BEGIN

lemma one_less_sqrt_8_exp: "1 < sqrt 8 * exp (-1 :: real)"
proof -
  have "exp 1 < (272 / 100 :: real)"
    by (rule e_less_272)
  also have "\<dots> < sqrt 8"
    by (rule real_less_rsqrt) (simp add: power2_eq_square)
  finally show ?thesis
    by (simp add: exp_minus field_simps)
qed

lemma eventually_margin_ge_1:
  fixes \<alpha> :: real and t :: nat
  assumes "0 < \<alpha>" "\<alpha> < 1"
  shows "\<forall>\<^sub>F m in sequentially. 1 \<le> sqrt 8 * exp (-1 - 1 / (4 * ((1 - \<alpha>) * real m)))
            * (\<alpha> * real m / (\<alpha> * real m + 1)) * (real m / (real m + real t))"
proof -
  have "0 < 1 - \<alpha>"
    using assms by simp
  with assms have "((\<lambda>m::nat. exp (-1 - 1 / (4 * ((1 - \<alpha>) * real m)))
            * (\<alpha> * real m / (\<alpha> * real m + 1)) * (real m / (real m + real t)))
         \<longlongrightarrow> exp (-1)) sequentially"
    by real_asymp
  from order_tendstoD(1)[OF tendsto_mult_left[OF this] one_less_sqrt_8_exp] show ?thesis
    by (auto elim: eventually_mono simp: mult.assoc)
qed

lemma R_RM_bounds_at_rate:
  fixes \<alpha> :: real and m r t :: nat
  assumes "1/2 < \<alpha>" "\<alpha> < 1" "1 \<le> m" "\<alpha> * m = r"
    and margin: "1 \<le> sqrt 8 * exp (-1 - 1 / (4 * ((1 - \<alpha>) * real m)))
                     * (\<alpha> * real m / (\<alpha> * real m + 1)) * (real m / (real m + real t))"
  shows "real t * sqrt ((1 - \<alpha>) / (8 * (\<alpha> * real m) ^ 3)) * 2 powr (real m * H2 \<alpha>)
           \<le> real (R_RM t r m)"
    and "real (R_RM t r m) \<le> 2 powr (real m * H2 \<alpha>)"
proof -
  have "real r < real m"
    using assms by (simp flip: assms(4))
  then have "r < m" by simp
  define k where "k = m - r"
  have m: "m = k + r"
    using \<open>r < m\<close> by (simp add: k_def)
  have k_real: "real k = (1 - \<alpha>) * m"
    using \<open>r < m\<close> assms(4) by (simp add: k_def of_nat_diff algebra_simps)
  have "1 \<le> k"
    using \<open>r < m\<close> by (simp add: k_def)
  have "(1 - \<alpha>) * m \<le> \<alpha> * m"
    using assms(1) by (intro mult_right_mono) auto
  then have "k \<le> r"
    unfolding k_real[symmetric] assms(4) by simp
  have \<alpha>: "real r / real m = \<alpha>" "real k / real m = 1 - \<alpha>"
    using k_real assms(3,4) by (simp_all add: field_simps)
  have "1 \<le> sqrt 8 * exp (-1 - 1 / (4 * real k)) * (real r / (real r + 1)) * (real m / (real m + real t))"
    using margin unfolding k_real[symmetric] assms(4) .
  then show "real t * sqrt ((1 - \<alpha>) / (8 * (\<alpha> * real m) ^ 3)) * 2 powr (real m * H2 \<alpha>)
      \<le> real (R_RM t r m)"
    unfolding assms(4)
    by (rule R_RM_ge_entropy[OF \<open>1 \<le> k\<close> \<open>k \<le> r\<close>, of t, folded m, unfolded \<alpha>])
  show "real (R_RM t r m) \<le> 2 powr (real m * H2 \<alpha>)"
    using R_RM_le_entropy[OF \<open>1 \<le> k\<close> \<open>k \<le> r\<close>, of t, folded m] unfolding \<alpha> .
qed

END

### [Exercise]
Please return all lines in the material above that include the word "sequentially".

### [Task answer]
  shows "\<forall>\<^sub>F m in sequentially. 1 \<le> sqrt 8 * exp (-1 - 1 / (4 * ((1 - \<alpha>) * real m)))
         \<longlongrightarrow> exp (-1)) sequentially"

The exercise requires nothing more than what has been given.